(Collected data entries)
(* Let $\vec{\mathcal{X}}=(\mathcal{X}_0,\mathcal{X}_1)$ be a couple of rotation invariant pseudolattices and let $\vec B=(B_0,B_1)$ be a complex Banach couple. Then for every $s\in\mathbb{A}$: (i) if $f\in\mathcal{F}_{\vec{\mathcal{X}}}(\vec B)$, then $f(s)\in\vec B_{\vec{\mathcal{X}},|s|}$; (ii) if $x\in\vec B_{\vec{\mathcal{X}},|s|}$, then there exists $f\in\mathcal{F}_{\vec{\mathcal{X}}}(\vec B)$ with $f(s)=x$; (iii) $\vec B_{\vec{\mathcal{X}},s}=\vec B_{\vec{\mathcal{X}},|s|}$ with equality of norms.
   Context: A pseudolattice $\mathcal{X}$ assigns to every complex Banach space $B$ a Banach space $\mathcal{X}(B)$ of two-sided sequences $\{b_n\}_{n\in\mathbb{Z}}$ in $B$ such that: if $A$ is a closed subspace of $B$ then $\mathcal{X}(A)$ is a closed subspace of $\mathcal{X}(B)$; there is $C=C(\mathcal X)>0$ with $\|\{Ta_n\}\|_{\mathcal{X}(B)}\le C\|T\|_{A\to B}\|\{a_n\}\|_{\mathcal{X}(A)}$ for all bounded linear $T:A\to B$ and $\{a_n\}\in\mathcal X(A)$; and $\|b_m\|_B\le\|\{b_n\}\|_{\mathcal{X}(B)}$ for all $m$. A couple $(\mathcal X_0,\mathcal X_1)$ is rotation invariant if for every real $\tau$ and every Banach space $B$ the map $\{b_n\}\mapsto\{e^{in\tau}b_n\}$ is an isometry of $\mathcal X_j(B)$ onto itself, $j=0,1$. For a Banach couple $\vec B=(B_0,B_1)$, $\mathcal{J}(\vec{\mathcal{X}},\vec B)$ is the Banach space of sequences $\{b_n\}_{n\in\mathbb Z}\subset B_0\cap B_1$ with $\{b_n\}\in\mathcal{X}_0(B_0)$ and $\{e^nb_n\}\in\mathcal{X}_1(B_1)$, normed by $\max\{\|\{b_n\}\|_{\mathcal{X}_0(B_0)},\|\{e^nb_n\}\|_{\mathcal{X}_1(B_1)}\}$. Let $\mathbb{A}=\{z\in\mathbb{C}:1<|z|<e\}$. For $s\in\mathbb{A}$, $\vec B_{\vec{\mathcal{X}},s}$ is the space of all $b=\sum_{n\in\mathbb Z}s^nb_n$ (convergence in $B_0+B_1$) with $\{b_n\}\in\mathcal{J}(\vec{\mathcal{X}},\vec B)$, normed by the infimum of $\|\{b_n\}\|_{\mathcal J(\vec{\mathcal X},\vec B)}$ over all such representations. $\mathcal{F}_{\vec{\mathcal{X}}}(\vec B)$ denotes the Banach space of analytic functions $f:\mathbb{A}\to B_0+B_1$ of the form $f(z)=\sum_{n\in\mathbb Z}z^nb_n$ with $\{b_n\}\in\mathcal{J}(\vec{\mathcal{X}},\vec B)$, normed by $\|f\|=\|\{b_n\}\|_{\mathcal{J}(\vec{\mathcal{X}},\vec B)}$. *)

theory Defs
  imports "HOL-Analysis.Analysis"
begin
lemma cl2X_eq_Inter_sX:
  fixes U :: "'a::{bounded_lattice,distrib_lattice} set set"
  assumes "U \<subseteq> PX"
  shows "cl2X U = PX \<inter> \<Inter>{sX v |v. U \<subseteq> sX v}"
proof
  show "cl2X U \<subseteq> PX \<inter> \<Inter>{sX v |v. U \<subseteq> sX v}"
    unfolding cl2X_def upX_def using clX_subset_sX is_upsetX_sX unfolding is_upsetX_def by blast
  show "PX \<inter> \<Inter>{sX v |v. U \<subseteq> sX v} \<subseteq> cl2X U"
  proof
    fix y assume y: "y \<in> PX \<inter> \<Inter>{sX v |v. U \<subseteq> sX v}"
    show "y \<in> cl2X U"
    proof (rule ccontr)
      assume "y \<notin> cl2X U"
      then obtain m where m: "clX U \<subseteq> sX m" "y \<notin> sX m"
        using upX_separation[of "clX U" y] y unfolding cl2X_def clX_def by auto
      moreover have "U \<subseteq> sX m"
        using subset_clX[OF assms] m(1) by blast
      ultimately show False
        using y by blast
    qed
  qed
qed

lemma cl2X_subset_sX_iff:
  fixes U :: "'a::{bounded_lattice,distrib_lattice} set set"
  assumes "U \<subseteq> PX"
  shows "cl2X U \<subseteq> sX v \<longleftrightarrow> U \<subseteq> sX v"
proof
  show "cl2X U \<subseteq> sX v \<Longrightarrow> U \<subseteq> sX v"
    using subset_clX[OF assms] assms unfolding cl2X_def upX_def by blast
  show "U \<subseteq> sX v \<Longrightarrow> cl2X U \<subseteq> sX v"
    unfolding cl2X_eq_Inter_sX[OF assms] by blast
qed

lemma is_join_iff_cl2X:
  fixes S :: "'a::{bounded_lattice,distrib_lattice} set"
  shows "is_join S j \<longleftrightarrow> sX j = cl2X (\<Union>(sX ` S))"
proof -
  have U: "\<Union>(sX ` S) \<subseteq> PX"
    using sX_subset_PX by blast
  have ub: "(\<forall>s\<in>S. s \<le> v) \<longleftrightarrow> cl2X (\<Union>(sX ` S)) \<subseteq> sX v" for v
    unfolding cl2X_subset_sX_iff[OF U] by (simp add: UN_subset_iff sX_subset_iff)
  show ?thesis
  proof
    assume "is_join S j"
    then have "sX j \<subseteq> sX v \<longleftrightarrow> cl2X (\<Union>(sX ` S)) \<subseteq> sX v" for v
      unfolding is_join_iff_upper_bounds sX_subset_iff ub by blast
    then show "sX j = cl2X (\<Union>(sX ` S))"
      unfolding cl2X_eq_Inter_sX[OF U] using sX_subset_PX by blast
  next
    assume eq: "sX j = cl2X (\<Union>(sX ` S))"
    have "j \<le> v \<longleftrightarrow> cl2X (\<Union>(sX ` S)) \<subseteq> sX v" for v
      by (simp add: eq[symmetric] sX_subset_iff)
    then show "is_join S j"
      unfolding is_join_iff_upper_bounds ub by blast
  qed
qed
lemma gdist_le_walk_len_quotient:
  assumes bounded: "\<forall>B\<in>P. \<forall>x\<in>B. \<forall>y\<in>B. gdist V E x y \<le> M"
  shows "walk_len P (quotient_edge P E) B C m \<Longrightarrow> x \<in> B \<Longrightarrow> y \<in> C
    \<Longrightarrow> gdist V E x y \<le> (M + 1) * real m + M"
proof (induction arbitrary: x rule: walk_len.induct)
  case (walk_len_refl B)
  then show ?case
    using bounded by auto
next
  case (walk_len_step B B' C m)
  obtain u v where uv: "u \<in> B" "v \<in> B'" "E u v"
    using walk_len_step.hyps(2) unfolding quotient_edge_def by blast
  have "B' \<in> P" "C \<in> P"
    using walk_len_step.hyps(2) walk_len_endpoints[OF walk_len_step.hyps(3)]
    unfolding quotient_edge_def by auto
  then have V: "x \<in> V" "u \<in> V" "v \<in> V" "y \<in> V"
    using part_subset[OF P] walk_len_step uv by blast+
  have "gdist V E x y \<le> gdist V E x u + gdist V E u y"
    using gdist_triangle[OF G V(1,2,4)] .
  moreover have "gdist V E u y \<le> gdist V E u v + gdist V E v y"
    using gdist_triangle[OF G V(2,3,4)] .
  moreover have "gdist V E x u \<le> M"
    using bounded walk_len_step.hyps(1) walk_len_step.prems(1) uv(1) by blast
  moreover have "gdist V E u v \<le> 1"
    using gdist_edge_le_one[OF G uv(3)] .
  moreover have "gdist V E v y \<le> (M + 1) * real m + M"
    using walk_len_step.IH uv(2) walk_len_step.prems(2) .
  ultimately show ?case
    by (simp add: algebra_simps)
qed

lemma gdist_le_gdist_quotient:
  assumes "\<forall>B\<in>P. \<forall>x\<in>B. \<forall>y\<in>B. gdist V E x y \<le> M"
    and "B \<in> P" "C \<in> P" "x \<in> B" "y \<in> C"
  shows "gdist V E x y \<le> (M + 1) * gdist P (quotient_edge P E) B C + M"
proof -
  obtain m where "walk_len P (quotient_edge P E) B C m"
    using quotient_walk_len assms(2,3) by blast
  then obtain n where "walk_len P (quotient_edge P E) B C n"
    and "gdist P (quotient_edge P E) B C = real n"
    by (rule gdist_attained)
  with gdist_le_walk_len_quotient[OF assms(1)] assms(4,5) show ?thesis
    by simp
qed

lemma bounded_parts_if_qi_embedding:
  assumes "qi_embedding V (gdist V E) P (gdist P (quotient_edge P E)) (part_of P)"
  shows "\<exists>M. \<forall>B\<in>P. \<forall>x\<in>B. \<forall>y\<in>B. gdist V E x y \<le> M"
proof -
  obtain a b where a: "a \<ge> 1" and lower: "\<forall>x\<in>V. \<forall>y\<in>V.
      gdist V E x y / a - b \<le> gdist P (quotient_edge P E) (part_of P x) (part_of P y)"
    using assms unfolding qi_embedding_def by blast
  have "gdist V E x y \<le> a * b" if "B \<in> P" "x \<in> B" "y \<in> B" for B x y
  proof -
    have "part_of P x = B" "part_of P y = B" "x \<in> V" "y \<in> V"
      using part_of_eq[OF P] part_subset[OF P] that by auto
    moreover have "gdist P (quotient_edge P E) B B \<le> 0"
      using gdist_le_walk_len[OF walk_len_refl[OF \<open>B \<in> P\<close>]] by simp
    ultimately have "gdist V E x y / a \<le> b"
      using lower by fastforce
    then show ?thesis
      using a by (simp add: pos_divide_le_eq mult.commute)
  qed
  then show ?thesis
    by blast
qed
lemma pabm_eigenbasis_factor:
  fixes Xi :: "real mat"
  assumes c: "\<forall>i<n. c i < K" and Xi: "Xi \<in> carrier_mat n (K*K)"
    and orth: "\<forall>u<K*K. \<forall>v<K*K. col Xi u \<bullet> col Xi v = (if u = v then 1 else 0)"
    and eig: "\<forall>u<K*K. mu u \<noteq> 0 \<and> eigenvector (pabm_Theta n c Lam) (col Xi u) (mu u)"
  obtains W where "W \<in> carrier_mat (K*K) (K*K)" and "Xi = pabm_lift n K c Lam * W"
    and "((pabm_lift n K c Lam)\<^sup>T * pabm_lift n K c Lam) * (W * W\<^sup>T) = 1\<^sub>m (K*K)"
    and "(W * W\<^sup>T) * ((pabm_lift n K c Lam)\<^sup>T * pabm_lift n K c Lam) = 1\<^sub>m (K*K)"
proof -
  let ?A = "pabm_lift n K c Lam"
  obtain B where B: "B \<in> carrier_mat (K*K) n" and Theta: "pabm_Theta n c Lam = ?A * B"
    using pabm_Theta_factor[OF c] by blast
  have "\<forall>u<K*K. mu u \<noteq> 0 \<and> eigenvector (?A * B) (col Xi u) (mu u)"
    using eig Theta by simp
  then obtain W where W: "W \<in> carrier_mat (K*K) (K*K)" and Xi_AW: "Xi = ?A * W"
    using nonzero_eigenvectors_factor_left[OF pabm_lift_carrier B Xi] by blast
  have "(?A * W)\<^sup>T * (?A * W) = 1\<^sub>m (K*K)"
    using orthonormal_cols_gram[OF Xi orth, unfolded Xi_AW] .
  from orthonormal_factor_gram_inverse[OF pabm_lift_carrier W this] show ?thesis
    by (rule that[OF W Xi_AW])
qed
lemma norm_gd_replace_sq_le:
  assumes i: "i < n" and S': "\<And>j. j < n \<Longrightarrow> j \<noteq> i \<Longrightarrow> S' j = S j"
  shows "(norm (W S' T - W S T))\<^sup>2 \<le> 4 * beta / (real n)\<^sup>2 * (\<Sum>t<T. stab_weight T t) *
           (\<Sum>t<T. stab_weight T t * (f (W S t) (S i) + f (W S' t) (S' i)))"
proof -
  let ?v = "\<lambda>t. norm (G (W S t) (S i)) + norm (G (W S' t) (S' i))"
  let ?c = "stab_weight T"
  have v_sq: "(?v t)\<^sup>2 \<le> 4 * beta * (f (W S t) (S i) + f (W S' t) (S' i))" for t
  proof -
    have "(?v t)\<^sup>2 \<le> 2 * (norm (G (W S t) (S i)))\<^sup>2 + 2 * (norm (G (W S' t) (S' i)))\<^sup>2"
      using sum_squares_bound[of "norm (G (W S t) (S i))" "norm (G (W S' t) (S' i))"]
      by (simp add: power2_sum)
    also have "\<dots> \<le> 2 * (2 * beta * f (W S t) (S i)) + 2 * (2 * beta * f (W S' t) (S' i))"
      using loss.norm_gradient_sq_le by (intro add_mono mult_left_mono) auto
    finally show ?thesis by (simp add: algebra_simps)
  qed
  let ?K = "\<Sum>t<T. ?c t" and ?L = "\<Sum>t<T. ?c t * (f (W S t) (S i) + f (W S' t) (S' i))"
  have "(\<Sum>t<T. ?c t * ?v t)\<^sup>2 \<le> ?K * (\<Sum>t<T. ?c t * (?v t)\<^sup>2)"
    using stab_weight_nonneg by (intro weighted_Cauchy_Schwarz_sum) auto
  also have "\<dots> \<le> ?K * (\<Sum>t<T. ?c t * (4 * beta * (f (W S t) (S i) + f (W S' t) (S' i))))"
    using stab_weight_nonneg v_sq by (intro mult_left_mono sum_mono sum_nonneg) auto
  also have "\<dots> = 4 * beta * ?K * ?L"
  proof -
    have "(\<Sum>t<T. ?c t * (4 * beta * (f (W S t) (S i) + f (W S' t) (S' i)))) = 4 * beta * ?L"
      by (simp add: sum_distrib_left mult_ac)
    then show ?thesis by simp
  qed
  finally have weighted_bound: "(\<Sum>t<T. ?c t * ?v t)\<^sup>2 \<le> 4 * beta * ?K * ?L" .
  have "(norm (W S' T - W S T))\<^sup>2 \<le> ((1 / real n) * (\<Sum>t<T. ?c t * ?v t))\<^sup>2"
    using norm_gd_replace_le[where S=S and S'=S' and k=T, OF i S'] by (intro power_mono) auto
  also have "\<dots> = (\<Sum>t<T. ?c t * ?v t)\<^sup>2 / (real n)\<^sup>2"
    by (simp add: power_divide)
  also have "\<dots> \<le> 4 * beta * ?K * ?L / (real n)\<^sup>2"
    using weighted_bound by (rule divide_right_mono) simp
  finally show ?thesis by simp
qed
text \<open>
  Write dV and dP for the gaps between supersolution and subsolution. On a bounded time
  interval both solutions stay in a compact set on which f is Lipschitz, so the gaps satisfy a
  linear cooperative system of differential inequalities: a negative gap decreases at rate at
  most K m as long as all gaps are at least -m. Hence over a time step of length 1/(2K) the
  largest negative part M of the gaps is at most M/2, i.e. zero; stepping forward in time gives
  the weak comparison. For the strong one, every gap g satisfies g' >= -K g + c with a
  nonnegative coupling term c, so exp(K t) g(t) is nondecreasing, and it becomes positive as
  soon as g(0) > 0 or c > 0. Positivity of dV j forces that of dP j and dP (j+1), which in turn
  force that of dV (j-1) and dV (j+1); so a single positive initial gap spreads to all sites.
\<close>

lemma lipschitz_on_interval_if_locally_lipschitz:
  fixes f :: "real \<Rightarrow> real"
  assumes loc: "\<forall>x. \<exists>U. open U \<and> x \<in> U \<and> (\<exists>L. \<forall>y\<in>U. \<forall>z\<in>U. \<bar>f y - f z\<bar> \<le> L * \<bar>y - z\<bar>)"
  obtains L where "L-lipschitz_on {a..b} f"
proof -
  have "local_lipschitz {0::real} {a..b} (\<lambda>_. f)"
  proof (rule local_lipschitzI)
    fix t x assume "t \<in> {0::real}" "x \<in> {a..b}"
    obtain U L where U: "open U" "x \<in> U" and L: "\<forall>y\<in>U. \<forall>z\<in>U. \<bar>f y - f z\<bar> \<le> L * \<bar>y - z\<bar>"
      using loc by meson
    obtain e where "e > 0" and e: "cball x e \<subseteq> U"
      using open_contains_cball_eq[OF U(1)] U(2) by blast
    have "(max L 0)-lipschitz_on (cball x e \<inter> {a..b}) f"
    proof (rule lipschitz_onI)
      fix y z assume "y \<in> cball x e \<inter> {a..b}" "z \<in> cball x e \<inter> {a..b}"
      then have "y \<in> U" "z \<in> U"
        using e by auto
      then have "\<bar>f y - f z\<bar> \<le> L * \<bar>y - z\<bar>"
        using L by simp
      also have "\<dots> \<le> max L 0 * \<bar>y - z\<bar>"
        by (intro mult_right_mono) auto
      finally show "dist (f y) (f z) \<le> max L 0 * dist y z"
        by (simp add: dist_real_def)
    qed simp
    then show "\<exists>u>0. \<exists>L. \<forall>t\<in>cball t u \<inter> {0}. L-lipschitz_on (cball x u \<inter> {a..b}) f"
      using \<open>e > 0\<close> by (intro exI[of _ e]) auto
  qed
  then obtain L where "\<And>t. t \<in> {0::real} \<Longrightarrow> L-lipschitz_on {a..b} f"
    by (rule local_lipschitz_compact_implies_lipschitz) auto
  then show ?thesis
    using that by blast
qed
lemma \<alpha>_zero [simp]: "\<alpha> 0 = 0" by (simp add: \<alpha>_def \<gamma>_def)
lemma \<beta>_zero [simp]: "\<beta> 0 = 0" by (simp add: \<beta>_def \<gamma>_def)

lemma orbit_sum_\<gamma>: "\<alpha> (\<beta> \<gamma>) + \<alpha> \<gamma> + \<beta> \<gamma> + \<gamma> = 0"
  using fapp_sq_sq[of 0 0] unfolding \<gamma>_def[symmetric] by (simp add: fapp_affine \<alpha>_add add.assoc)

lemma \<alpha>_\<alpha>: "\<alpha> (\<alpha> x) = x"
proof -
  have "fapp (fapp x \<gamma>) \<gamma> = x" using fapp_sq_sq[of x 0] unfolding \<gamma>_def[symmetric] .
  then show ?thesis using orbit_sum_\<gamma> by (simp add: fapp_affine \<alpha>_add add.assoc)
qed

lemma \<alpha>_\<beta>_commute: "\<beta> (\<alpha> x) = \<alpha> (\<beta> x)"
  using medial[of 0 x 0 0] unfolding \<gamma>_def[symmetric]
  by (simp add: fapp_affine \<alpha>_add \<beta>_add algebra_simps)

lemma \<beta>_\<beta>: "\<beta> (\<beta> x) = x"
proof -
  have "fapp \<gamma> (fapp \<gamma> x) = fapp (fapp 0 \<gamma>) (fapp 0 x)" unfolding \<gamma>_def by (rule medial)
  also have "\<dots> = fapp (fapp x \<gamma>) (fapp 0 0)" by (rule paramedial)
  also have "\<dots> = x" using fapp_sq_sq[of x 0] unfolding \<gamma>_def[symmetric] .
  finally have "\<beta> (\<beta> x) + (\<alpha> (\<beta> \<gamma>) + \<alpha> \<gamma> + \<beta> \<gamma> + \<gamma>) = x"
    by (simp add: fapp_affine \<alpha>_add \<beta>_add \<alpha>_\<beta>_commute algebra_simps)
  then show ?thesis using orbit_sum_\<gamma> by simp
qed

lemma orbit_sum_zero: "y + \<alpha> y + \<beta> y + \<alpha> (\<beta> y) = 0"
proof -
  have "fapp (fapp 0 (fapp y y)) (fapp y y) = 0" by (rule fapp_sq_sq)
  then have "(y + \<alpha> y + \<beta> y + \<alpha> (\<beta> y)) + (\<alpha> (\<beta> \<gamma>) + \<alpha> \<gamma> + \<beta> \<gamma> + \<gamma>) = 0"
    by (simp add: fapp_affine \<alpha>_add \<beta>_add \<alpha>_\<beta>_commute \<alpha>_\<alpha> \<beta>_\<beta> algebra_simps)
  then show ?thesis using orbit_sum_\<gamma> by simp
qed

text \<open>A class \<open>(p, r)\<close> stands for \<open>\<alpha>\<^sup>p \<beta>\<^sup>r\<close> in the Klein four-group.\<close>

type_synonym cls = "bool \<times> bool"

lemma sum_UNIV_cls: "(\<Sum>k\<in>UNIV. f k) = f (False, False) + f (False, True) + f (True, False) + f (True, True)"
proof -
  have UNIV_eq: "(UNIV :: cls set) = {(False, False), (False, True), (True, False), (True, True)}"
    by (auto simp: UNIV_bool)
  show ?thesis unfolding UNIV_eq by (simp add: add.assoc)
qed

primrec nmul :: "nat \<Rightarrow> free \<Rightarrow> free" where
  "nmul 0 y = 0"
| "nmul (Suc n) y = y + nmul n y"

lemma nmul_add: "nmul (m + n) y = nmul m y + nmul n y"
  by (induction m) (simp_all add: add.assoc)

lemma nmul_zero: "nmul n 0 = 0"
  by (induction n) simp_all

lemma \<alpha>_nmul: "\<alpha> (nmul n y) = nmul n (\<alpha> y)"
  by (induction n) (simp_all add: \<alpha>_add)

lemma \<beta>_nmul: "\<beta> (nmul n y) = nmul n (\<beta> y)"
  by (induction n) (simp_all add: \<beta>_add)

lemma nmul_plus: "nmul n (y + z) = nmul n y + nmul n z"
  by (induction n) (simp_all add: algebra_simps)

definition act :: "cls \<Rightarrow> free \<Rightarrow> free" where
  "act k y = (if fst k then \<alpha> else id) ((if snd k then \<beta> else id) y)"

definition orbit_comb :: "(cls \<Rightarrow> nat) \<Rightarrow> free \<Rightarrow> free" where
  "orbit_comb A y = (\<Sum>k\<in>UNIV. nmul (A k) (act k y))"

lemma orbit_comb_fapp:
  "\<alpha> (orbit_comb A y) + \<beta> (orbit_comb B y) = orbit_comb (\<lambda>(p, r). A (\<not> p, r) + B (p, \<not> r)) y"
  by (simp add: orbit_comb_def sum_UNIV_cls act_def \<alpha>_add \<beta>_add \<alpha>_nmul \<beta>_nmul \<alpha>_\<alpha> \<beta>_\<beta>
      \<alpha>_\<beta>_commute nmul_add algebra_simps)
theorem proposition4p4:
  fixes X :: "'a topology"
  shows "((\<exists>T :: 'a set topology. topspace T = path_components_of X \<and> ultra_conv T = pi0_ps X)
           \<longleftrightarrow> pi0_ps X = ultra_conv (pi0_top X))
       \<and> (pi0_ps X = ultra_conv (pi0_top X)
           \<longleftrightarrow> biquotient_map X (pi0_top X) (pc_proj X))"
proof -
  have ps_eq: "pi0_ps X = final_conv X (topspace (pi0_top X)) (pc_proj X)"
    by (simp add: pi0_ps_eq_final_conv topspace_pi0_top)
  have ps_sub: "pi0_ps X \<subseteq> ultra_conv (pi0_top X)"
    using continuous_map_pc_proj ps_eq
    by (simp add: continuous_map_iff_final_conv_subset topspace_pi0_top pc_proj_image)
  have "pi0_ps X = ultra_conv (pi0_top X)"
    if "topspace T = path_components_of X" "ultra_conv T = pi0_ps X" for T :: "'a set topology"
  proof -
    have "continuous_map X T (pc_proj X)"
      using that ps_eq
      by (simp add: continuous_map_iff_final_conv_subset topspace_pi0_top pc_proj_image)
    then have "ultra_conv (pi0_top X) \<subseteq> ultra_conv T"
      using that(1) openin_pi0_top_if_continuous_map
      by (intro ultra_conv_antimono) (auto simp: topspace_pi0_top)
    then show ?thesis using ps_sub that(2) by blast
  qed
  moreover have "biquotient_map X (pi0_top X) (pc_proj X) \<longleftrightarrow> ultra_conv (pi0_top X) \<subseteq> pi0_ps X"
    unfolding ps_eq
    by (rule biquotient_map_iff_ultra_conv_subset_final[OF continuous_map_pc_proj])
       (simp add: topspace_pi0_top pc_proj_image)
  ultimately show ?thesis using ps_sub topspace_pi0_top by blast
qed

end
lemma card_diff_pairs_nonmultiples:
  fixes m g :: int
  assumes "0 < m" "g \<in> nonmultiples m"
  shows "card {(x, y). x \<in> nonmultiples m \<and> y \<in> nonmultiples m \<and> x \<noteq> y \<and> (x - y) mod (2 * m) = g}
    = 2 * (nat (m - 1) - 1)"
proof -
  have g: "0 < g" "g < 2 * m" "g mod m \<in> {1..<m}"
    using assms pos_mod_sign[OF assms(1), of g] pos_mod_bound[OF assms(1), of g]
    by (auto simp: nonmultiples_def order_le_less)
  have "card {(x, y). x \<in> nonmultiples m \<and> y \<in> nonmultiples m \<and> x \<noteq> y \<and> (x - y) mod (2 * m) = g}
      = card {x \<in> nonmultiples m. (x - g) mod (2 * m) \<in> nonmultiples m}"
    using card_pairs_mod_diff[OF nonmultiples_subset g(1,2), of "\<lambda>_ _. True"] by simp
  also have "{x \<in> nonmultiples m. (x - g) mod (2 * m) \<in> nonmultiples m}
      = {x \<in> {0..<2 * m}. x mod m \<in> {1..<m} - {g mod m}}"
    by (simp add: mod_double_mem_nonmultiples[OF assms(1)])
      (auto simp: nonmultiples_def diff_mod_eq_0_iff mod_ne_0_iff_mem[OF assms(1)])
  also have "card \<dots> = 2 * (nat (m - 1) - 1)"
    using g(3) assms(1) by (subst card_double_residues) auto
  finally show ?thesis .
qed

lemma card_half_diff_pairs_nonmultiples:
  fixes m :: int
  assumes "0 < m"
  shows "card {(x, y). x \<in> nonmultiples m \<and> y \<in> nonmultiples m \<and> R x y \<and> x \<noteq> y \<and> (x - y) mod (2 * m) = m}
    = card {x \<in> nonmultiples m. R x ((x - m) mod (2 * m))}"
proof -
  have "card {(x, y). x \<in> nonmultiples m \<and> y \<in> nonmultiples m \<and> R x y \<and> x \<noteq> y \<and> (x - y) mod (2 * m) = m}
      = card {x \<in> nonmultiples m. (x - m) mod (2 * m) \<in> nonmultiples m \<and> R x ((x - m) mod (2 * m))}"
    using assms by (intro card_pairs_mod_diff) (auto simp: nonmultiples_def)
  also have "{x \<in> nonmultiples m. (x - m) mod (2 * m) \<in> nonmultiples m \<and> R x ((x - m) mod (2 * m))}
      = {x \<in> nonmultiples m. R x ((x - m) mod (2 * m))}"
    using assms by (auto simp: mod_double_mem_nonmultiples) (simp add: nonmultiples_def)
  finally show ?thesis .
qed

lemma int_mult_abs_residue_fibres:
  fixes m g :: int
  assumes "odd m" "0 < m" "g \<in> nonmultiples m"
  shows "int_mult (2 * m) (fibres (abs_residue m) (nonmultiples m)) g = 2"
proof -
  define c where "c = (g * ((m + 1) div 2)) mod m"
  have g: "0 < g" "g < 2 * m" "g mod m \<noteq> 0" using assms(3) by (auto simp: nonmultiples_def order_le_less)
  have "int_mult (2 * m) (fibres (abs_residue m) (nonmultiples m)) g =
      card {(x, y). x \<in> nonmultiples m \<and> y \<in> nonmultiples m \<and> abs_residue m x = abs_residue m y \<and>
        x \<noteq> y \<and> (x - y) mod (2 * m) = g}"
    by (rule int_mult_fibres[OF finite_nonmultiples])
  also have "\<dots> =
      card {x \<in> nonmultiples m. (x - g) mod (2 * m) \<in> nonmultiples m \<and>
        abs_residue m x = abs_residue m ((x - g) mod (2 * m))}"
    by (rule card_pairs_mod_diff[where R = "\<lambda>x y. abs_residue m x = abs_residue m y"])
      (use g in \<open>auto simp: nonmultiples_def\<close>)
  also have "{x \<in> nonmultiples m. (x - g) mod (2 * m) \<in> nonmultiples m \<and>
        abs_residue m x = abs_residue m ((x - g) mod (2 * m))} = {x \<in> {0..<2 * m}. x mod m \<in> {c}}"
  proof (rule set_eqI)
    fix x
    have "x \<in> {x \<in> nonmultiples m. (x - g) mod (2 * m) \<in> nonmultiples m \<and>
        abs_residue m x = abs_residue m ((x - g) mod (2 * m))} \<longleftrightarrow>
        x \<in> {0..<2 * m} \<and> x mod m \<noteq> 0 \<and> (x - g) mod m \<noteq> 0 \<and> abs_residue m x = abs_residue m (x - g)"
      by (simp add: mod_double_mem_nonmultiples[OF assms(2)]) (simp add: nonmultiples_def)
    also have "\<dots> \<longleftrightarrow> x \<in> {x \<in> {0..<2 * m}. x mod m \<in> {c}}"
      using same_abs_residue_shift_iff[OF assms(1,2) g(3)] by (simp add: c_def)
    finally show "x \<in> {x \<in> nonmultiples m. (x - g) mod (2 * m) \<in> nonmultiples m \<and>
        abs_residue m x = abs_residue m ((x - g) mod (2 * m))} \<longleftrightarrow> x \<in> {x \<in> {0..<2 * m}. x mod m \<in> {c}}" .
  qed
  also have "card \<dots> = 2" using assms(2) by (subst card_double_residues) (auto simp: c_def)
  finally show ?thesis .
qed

# TO DO
Identify the lines in the records above that contain the word "most", then state how many there are and nothing more.

# ANSWER BOX
2